- [Task prompt]:
The lines you return should be those containing the string "inter", taken from the data below.

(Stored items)
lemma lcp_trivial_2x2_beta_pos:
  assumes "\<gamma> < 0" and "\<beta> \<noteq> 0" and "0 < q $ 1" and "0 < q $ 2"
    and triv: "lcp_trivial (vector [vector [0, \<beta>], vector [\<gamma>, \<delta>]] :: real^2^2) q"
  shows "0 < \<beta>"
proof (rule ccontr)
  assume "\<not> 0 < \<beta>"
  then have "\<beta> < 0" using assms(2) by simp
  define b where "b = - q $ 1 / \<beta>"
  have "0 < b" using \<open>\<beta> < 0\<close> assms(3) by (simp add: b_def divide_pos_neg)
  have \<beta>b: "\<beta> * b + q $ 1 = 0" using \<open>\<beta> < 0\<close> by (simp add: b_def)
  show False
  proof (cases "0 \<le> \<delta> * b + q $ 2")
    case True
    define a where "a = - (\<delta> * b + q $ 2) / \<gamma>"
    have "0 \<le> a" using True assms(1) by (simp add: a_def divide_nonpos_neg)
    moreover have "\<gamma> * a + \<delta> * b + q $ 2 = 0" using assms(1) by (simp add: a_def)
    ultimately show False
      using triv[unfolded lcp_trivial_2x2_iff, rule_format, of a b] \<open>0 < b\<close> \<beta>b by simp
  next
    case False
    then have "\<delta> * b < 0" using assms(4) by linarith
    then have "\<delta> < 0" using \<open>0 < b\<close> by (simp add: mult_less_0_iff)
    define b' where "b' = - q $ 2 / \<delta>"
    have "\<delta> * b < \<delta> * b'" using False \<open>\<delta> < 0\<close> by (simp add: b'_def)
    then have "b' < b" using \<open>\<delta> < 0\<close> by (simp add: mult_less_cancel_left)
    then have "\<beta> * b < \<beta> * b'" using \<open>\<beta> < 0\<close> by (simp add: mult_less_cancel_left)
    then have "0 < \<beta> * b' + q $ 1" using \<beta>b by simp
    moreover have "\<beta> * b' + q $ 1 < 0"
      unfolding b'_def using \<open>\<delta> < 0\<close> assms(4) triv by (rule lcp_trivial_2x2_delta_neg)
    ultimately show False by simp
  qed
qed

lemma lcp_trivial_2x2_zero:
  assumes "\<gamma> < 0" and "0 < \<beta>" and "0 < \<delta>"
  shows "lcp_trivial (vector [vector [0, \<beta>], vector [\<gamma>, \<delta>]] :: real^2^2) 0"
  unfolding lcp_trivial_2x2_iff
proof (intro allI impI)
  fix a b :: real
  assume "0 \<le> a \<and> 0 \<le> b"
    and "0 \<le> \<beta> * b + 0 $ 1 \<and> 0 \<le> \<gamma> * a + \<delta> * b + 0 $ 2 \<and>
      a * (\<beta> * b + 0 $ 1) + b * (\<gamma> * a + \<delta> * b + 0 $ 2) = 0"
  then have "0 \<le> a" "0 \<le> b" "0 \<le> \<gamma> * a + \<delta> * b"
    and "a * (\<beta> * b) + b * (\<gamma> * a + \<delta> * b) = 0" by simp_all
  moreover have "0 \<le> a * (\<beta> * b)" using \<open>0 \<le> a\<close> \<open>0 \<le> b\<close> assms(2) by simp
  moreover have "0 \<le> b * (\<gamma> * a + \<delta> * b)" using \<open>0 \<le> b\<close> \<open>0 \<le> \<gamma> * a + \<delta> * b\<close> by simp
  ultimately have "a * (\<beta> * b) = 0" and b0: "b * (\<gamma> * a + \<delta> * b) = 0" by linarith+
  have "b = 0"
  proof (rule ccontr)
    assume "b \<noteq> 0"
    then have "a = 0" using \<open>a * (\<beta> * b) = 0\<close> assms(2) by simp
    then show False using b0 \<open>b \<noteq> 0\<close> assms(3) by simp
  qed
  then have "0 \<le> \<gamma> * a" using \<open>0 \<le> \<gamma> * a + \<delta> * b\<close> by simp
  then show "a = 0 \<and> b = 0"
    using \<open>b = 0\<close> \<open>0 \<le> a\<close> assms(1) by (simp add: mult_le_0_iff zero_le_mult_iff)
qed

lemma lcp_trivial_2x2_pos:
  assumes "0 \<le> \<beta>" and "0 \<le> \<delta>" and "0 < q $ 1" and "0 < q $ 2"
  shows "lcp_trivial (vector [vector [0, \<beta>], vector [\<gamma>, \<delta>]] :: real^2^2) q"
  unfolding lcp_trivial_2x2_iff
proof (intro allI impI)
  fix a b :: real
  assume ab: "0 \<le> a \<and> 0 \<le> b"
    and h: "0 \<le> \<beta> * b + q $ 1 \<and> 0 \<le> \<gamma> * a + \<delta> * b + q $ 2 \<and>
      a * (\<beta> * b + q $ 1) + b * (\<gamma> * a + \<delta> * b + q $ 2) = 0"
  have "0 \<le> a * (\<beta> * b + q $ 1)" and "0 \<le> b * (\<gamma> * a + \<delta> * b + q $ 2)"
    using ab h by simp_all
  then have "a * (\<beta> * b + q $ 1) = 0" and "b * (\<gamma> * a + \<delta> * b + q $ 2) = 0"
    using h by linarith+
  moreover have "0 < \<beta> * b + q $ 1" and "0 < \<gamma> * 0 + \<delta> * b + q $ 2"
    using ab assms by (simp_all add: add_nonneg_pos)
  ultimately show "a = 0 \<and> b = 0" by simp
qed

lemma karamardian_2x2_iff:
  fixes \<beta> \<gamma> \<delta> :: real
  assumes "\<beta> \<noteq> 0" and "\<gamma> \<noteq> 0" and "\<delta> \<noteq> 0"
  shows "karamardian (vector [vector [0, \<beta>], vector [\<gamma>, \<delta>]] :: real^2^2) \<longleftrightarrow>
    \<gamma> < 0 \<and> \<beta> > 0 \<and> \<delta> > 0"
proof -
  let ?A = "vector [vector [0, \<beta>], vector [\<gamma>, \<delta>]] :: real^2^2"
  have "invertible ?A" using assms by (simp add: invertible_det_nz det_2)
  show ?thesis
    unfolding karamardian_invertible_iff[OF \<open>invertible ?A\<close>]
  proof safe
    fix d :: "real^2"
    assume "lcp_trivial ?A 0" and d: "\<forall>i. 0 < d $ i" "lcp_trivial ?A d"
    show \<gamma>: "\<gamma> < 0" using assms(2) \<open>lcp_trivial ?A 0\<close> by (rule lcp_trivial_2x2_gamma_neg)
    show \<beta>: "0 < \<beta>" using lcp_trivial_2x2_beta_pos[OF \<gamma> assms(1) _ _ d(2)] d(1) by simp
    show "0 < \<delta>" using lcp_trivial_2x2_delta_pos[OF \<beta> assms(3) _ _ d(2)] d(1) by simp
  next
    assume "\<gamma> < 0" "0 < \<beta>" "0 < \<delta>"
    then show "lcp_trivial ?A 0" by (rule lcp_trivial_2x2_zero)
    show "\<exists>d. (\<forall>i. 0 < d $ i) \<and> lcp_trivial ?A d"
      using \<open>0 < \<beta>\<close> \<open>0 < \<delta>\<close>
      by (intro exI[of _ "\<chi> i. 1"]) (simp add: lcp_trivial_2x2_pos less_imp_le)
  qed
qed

...

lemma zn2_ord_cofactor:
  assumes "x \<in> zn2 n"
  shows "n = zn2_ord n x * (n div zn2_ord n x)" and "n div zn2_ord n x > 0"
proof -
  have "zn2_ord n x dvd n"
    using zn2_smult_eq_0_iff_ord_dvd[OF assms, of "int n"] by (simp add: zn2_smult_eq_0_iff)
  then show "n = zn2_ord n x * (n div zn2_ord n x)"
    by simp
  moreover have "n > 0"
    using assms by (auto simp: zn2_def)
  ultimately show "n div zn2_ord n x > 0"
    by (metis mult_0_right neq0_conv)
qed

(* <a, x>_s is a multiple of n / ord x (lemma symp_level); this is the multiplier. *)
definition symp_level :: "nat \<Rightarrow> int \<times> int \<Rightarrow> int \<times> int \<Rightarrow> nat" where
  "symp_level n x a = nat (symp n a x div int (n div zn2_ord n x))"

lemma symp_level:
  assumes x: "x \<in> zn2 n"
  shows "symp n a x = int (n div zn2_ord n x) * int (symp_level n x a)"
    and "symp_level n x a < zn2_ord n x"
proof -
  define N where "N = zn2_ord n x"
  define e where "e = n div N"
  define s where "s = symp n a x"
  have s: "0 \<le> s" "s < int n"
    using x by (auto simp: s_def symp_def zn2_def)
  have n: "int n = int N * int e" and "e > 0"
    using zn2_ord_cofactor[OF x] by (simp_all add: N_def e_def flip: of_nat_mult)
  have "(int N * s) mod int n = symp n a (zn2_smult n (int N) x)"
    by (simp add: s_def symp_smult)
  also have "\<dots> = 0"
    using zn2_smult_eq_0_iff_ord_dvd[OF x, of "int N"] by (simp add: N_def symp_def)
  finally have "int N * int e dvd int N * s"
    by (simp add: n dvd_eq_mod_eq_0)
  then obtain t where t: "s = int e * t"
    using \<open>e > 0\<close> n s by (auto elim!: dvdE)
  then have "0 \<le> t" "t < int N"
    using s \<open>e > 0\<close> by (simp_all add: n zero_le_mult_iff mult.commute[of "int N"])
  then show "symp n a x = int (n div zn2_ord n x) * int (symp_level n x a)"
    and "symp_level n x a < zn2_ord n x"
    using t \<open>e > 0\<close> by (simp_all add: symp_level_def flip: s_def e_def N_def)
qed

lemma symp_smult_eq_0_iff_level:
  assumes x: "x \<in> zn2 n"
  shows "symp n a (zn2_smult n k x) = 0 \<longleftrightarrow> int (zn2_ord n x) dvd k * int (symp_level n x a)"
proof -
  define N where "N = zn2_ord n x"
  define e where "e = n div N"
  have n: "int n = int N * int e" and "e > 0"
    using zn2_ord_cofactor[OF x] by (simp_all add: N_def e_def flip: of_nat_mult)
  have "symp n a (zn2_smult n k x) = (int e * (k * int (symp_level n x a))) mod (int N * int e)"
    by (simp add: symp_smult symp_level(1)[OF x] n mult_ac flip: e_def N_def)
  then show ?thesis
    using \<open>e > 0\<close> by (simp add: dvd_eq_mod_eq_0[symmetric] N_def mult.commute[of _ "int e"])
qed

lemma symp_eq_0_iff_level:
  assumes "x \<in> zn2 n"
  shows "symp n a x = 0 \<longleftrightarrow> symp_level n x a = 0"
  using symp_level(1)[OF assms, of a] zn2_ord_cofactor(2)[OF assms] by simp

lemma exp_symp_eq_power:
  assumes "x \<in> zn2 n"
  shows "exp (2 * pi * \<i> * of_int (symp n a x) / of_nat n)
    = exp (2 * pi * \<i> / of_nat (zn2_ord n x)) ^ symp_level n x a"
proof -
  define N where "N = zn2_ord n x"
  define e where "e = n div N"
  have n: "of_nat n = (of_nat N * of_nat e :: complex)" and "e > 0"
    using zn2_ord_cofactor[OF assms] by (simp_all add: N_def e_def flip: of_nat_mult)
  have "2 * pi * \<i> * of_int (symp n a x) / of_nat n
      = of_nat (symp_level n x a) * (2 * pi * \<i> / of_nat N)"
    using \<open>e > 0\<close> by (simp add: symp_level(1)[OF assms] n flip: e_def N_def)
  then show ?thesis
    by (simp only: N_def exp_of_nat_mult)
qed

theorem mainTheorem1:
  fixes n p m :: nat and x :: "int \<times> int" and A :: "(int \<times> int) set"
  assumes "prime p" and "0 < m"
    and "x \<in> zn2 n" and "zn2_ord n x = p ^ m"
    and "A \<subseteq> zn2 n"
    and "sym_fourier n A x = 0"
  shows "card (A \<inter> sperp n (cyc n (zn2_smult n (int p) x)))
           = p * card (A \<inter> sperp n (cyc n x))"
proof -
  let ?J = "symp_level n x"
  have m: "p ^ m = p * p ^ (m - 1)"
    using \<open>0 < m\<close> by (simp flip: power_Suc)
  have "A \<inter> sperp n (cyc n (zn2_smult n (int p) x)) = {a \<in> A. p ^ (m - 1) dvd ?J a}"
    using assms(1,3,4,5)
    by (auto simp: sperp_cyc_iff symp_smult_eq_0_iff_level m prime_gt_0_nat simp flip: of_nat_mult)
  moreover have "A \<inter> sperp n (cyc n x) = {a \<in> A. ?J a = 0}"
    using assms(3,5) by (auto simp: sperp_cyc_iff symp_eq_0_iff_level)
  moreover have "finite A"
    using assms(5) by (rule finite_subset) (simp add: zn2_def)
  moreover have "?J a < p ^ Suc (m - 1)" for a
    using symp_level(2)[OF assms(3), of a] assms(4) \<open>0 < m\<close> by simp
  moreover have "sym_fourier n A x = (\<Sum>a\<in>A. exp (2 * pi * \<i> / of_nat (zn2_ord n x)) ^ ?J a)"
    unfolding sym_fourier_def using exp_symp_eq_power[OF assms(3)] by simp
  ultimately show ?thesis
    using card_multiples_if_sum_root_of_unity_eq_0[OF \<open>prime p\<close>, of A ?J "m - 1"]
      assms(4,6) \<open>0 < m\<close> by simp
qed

==

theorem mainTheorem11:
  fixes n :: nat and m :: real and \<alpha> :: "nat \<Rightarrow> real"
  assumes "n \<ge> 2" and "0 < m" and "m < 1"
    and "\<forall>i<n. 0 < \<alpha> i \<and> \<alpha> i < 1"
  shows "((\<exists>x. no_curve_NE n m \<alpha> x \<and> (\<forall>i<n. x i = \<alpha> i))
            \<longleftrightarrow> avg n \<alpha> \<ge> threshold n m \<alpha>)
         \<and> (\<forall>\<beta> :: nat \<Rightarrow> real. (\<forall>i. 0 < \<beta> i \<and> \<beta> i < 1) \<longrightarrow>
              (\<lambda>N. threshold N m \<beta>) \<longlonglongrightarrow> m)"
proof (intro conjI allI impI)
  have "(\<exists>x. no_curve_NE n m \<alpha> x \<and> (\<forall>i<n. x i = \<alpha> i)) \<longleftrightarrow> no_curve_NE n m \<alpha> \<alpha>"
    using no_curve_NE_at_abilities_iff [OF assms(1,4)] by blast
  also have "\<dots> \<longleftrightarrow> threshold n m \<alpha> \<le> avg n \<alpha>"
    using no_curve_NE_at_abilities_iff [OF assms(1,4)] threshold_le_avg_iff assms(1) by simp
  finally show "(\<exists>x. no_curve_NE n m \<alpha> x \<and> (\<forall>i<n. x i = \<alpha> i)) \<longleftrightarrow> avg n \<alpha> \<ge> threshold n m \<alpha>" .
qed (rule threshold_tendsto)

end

- [Problem solution]:
  shows "card (A \<inter> sperp n (cyc n (zn2_smult n (int p) x)))
           = p * card (A \<inter> sperp n (cyc n x))"
  have "A \<inter> sperp n (cyc n (zn2_smult n (int p) x)) = {a \<in> A. p ^ (m - 1) dvd ?J a}"
  moreover have "A \<inter> sperp n (cyc n x) = {a \<in> A. ?J a = 0}"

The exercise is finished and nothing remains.